Fortunately, the ability to process this large amount of data is at least close to keeping pace with the ability to generate it and collect it. Unfortunately, machines still have limitations on being able to interpret it. (Maybe you would say fortunately, depending on your comfort level with technology.)
Who can interpret these mountains of data and provide pattern recognition and context to managers in a timely fashion? Enter the Big Data Scientist. According to SmartData Collective, it's "the sexiest job of the 21st century." That may be a bit much, but those skilled in the field are in high demand. It's been estimated that there are only enough qualified people to fill one-third of the job positions available, and demand is likely to increase along with the data stockpile.
What does a big data scientist do? The real question is: what do you want them to do? There is no single job description for a data scientist, because the definition will vary by the field they are in. However, there are some common skills that are required.
They need to have superior background skills in statistics, programming, and predictive modeling-but most importantly, they need critical thinking skills, a big-picture perspective, and a grasp of the interface between abstract data and the real world. This allows a Big Data Scientist to quickly grasp the context of how their skills can be applied to almost any field. They can use variations of their same skill set for anything from designing robust power transmission grids to predicting the success of an advertising campaign to deciding whether paying a 38-year old shortstop $20 million per year is a good deal.

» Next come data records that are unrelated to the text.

lemma density_four_block_half_diag:
  assumes A: "density_mat n A"
  shows "density_mat (n + n) (four_block_mat ((1/2) \<cdot>\<^sub>m A) (0\<^sub>m n n) (0\<^sub>m n n) ((1/2) \<cdot>\<^sub>m A))"
proof -
  have "quad_form (0\<^sub>m n n) x \<le> quad_form A x / 2" if x: "x \<in> carrier_vec n" for x
    using A x
    unfolding density_mat_def psd_mat_iff_quad_form cscalar_prod_mat_vec_sum[OF zero_carrier_mat x x]
    by simp
  then show ?thesis
    using density_four_block_half[OF A psd_mat_zero] by simp
qed

lemma quad_form_le_half_of_eigenvalue_ratio:
  assumes A: "pd_mat n A" and B: "psd_mat n B" and n: "0 < n" and \<eta>: "0 < \<eta>"
    and ratio: "2 * lambda_max B / lambda_min A \<le> \<eta>" and x: "x \<in> carrier_vec n"
  shows "quad_form (complex_of_real (1 / \<eta>) \<cdot>\<^sub>m B) x \<le> quad_form A x / 2"
proof -
  have Bn: "B \<in> carrier_mat n n"
    using B unfolding psd_mat_def by blast
  have lambda_pos: "0 < lambda_min A"
    by (rule lambda_min_pd_mat(1)[OF A n])
  have "lambda_max B \<le> \<eta> * lambda_min A / 2"
    using ratio lambda_pos by (simp add: divide_le_eq mult.commute)
  moreover have "0 \<le> \<eta> * lambda_min A / 2"
    using \<eta> lambda_pos by simp
  ultimately have "quad_form B x \<le> \<eta> * lambda_min A / 2 * sq_norm x"
    using quad_form_le_lambda_max[OF B n _ _ x] by blast
  also have "\<dots> = \<eta> / 2 * (lambda_min A * sq_norm x)"
    by simp
  also have "\<dots> \<le> \<eta> / 2 * quad_form A x"
    using lambda_min_pd_mat(2)[OF A n x] \<eta> by (simp add: mult_left_mono)
  finally have "quad_form B x / \<eta> \<le> quad_form A x / 2"
    using \<eta> by (simp add: divide_le_eq mult.commute)
  then show ?thesis
    unfolding quad_form_smult_mat_real[OF Bn x] by simp
qed

lemma density_four_block_of_eigenvalue_ratio:
  assumes A: "density_mat n A" "pd_mat n A" and B: "psd_mat n B" and n: "0 < n"
    and \<eta>: "0 < \<eta>" and ratio: "2 * lambda_max B / lambda_min A \<le> \<eta>"
  shows "density_mat (n + n) (four_block_mat ((1/2) \<cdot>\<^sub>m A) (complex_of_real (1 / \<eta>) \<cdot>\<^sub>m B)
    (complex_of_real (1 / \<eta>) \<cdot>\<^sub>m mat_adjoint B) ((1/2) \<cdot>\<^sub>m A))"
proof -
  have "psd_mat n (complex_of_real (1 / \<eta>) \<cdot>\<^sub>m B)"
    by (rule psd_mat_smult[OF B]) (use \<eta> in simp)
  from density_four_block_half[OF A(1) this
      quad_form_le_half_of_eigenvalue_ratio[OF A(2) B n \<eta> ratio]]
  show ?thesis
    unfolding mat_adjoint_smult by simp
qed

section \<open>Kronecker products, Pauli operators and permutation matrices\<close>

lemma sum_lessThan_mult_div_mod:
  fixes a b :: nat
  shows "(\<Sum>k<a * b. f (k div b) (k mod b)) = (\<Sum>p<a. \<Sum>q<b. f p q)"
proof -
  have "(\<Sum>k<a * b. f (k div b) (k mod b)) = (\<Sum>m<a. \<Sum>k \<in> {m * b..<m * b + b}. f (k div b) (k mod b))"
    by (rule sum.nat_group[symmetric])
  also have "\<dots> = (\<Sum>m<a. \<Sum>q<b. f ((m * b + q) div b) ((m * b + q) mod b))"
    by (simp only: sum_atLeastLessThan_block)
  also have "\<dots> = (\<Sum>p<a. \<Sum>q<b. f p q)"
    by (intro sum.cong refl) simp
  finally show ?thesis .
qed

lemma mod_less_of_less_mult: "(i :: nat) < a * b \<Longrightarrow> i mod b < b"
  by (metis mod_less_divisor mult_0_right neq0_conv not_less_zero)

lemma dim_kron [simp]:
  "dim_row (kron A B) = dim_row A * dim_row B" "dim_col (kron A B) = dim_col A * dim_col B"
  unfolding kron_def by simp_all

lemma index_kron:
  "i < dim_row A * dim_row B \<Longrightarrow> j < dim_col A * dim_col B \<Longrightarrow>
    kron A B $$ (i, j) = A $$ (i div dim_row B, j div dim_col B) * B $$ (i mod dim_row B, j mod dim_col B)"
  unfolding kron_def by simp

lemma kron_carrier_mat:
  "A \<in> carrier_mat a1 a2 \<Longrightarrow> B \<in> carrier_mat b1 b2 \<Longrightarrow> kron A B \<in> carrier_mat (a1 * b1) (a2 * b2)"
  by (intro carrier_matI) (simp_all add: carrier_matD)

lemma kron_mult:
  assumes A: "A \<in> carrier_mat a1 a2" and B: "B \<in> carrier_mat b1 b2"
    and C: "C \<in> carrier_mat a2 a3" and D: "D \<in> carrier_mat b2 b3"
  shows "kron A B * kron C D = kron (A * C) (B * D)"
proof (rule eq_matI)
  have dims: "dim_row A = a1" "dim_col A = a2" "dim_row B = b1" "dim_col B = b2"
    "dim_row C = a2" "dim_col C = a3" "dim_row D = b2" "dim_col D = b3"
    using A B C D by auto
  fix i j
  assume "i < dim_row (kron (A * C) (B * D))" and "j < dim_col (kron (A * C) (B * D))"
  then have i: "i < a1 * b1" and j: "j < a3 * b3"
    using dims by auto
  have "(kron A B * kron C D) $$ (i, j) = (\<Sum>k<a2 * b2. kron A B $$ (i, k) * kron C D $$ (k, j))"
    using i j dims by (simp add: scalar_prod_def atLeast0LessThan)
  also have "\<dots> = (\<Sum>k<a2 * b2. (A $$ (i div b1, k div b2) * C $$ (k div b2, j div b3)) *
      (B $$ (i mod b1, k mod b2) * D $$ (k mod b2, j mod b3)))"
    by (intro sum.cong refl) (use i j dims in \<open>simp add: index_kron mult_ac\<close>)
  also have "\<dots> = (\<Sum>p<a2. \<Sum>q<b2. (A $$ (i div b1, p) * C $$ (p, j div b3)) *
      (B $$ (i mod b1, q) * D $$ (q, j mod b3)))"
    by (rule sum_lessThan_mult_div_mod)
  also have "\<dots> = (\<Sum>p<a2. A $$ (i div b1, p) * C $$ (p, j div b3)) *
      (\<Sum>q<b2. B $$ (i mod b1, q) * D $$ (q, j mod b3))"
    by (simp add: sum_product)
  also have "\<dots> = kron (A * C) (B * D) $$ (i, j)"
    using i j dims less_mult_imp_div_less[OF i] less_mult_imp_div_less[OF j]
      mod_less_of_less_mult[OF i] mod_less_of_less_mult[OF j]
    by (simp add: index_kron scalar_prod_def atLeast0LessThan)
  finally show "(kron A B * kron C D) $$ (i, j) = kron (A * C) (B * D) $$ (i, j)" .
qed simp_all

lemma mat_adjoint_kron: "mat_adjoint (kron A B) = kron (mat_adjoint A) (mat_adjoint B)"
proof (rule eq_matI)
  fix i j
  assume "i < dim_row (kron (mat_adjoint A) (mat_adjoint B))"
    and "j < dim_col (kron (mat_adjoint A) (mat_adjoint B))"
  then have i: "i < dim_col A * dim_col B" and j: "j < dim_row A * dim_row B"
    by auto
  show "mat_adjoint (kron A B) $$ (i, j) = kron (mat_adjoint A) (mat_adjoint B) $$ (i, j)"
    using i j less_mult_imp_div_less[OF i] less_mult_imp_div_less[OF j]
      mod_less_of_less_mult[OF i] mod_less_of_less_mult[OF j]
    by (simp add: index_kron)
qed simp_all

lemma kron_one_mat: "kron (1\<^sub>m a) (1\<^sub>m b) = 1\<^sub>m (a * b)"
proof (rule eq_matI)
  fix i j
  assume "i < dim_row (1\<^sub>m (a * b) :: complex mat)" and "j < dim_col (1\<^sub>m (a * b) :: complex mat)"
  then have i: "i < a * b" and j: "j < a * b"
    by auto
  have "(i div b = j div b \<and> i mod b = j mod b) \<longleftrightarrow> i = j"
    by (metis div_mult_mod_eq)
  then show "kron (1\<^sub>m a) (1\<^sub>m b) $$ (i, j) = 1\<^sub>m (a * b) $$ (i, j)"
    using i j less_mult_imp_div_less[OF i] less_mult_imp_div_less[OF j]
      mod_less_of_less_mult[OF i] mod_less_of_less_mult[OF j]
    by (auto simp: index_kron)
qed simp_all

lemma mat2_eqI:
  assumes "dim_row A = 2" "dim_col A = 2" "dim_row B = 2" "dim_col B = 2"
    "A $$ (0, 0) = B $$ (0, 0)" "A $$ (0, 1) = B $$ (0, 1)" "A $$ (1, 0) = B $$ (1, 0)" "A $$ (1, 1) = B $$ (1, 1)"
  shows "A = (B :: complex mat)"
proof (rule eq_matI)
  fix i j assume "i < dim_row B" "j < dim_col B"
  with assms(3,4) have "i = 0 \<or> i = 1" "j = 0 \<or> j = 1" by auto
  with assms(5-8) show "A $$ (i, j) = B $$ (i, j)" by auto
qed (use assms in auto)

lemma sum_lessThan_2: "(\<Sum>k<(2 :: nat). f k) = f 0 + (f 1 :: complex)"
  by (simp add: numeral_2_eq_2)

lemma pauli_X_carrier [simp]: "pauli_X \<in> carrier_mat 2 2"
  unfolding pauli_X_def by simp

lemma pauli_Z_carrier [simp]: "pauli_Z \<in> carrier_mat 2 2"
  unfolding pauli_Z_def by simp

lemma hermitian_pauli_X: "mat_adjoint pauli_X = pauli_X"
  by (rule mat2_eqI) (simp_all add: pauli_X_def)

lemma hermitian_pauli_Z: "mat_adjoint pauli_Z = pauli_Z"
  by (rule mat2_eqI) (simp_all add: pauli_Z_def)

lemma pauli_X_squared: "pauli_X * pauli_X = 1\<^sub>m 2"
  by (rule mat2_eqI) (simp_all add: pauli_X_def scalar_prod_def atLeast0LessThan sum_lessThan_2)

lemma pauli_Z_squared: "pauli_Z * pauli_Z = 1\<^sub>m 2"
  by (rule mat2_eqI) (simp_all add: pauli_Z_def scalar_prod_def atLeast0LessThan sum_lessThan_2)

definition pauli_factor :: "bool \<Rightarrow> bool \<Rightarrow> complex mat" where
  "pauli_factor a b = (if a then pauli_X else 1\<^sub>m 2) * (if b then pauli_Z else 1\<^sub>m 2)"

lemma isometry_pauli_factor: "isometry_mat 2 2 (pauli_factor a b)"
proof -
  define X where "X = (if a then pauli_X else 1\<^sub>m 2)"
  define Z where "Z = (if b then pauli_Z else 1\<^sub>m 2)"
  have X: "X \<in> carrier_mat 2 2" "mat_adjoint X = X" "X * X = 1\<^sub>m 2"
    unfolding X_def using hermitian_pauli_X pauli_X_squared by auto
  have Z: "Z \<in> carrier_mat 2 2" "mat_adjoint Z = Z" "Z * Z = 1\<^sub>m 2"
    unfolding Z_def using hermitian_pauli_Z pauli_Z_squared by auto
  have "mat_adjoint (pauli_factor a b) * pauli_factor a b = Z * X * (X * Z)"
    unfolding pauli_factor_def X_def[symmetric] Z_def[symmetric] mat_adjoint_mult[OF X(1) Z(1)] X(2) Z(2) ..
  also have "\<dots> = Z * (X * X) * Z"
    using X(1) Z(1) by (simp add: assoc_mult_mat[of _ 2 2 _ 2 _ 2])
  also have "\<dots> = 1\<^sub>m 2"
    using X(3) Z(3) Z(1) by simp
  finally show ?thesis
    unfolding isometry_mat_def pauli_factor_def X_def[symmetric] Z_def[symmetric]
    using mult_carrier_mat[OF X(1) Z(1)] by simp
qed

Other important properties for a big data scientist to have are self-sufficiency, confidence, and excellent communication skills. A good data analyst should be able to attack a problem with minimal direction, work with the confidence to correctly assess data (avoiding influences from outside factors or their own biases), and have the communication skills to present the findings in terms that everyone can understand.
Finally, a good data scientist (as with most scientists) needs an innate sense of curiosity. The successful big data scientist sees the world as a gigantic data set, full of wonderful and useful patterns to extract and put to good use.
As the world grows in complexity and we are swamped with even more data, it's more vital than ever that we develop the next generation of big data scientists to help us navigate through the data swamp-whether it's the 21st century's sexiest job or not.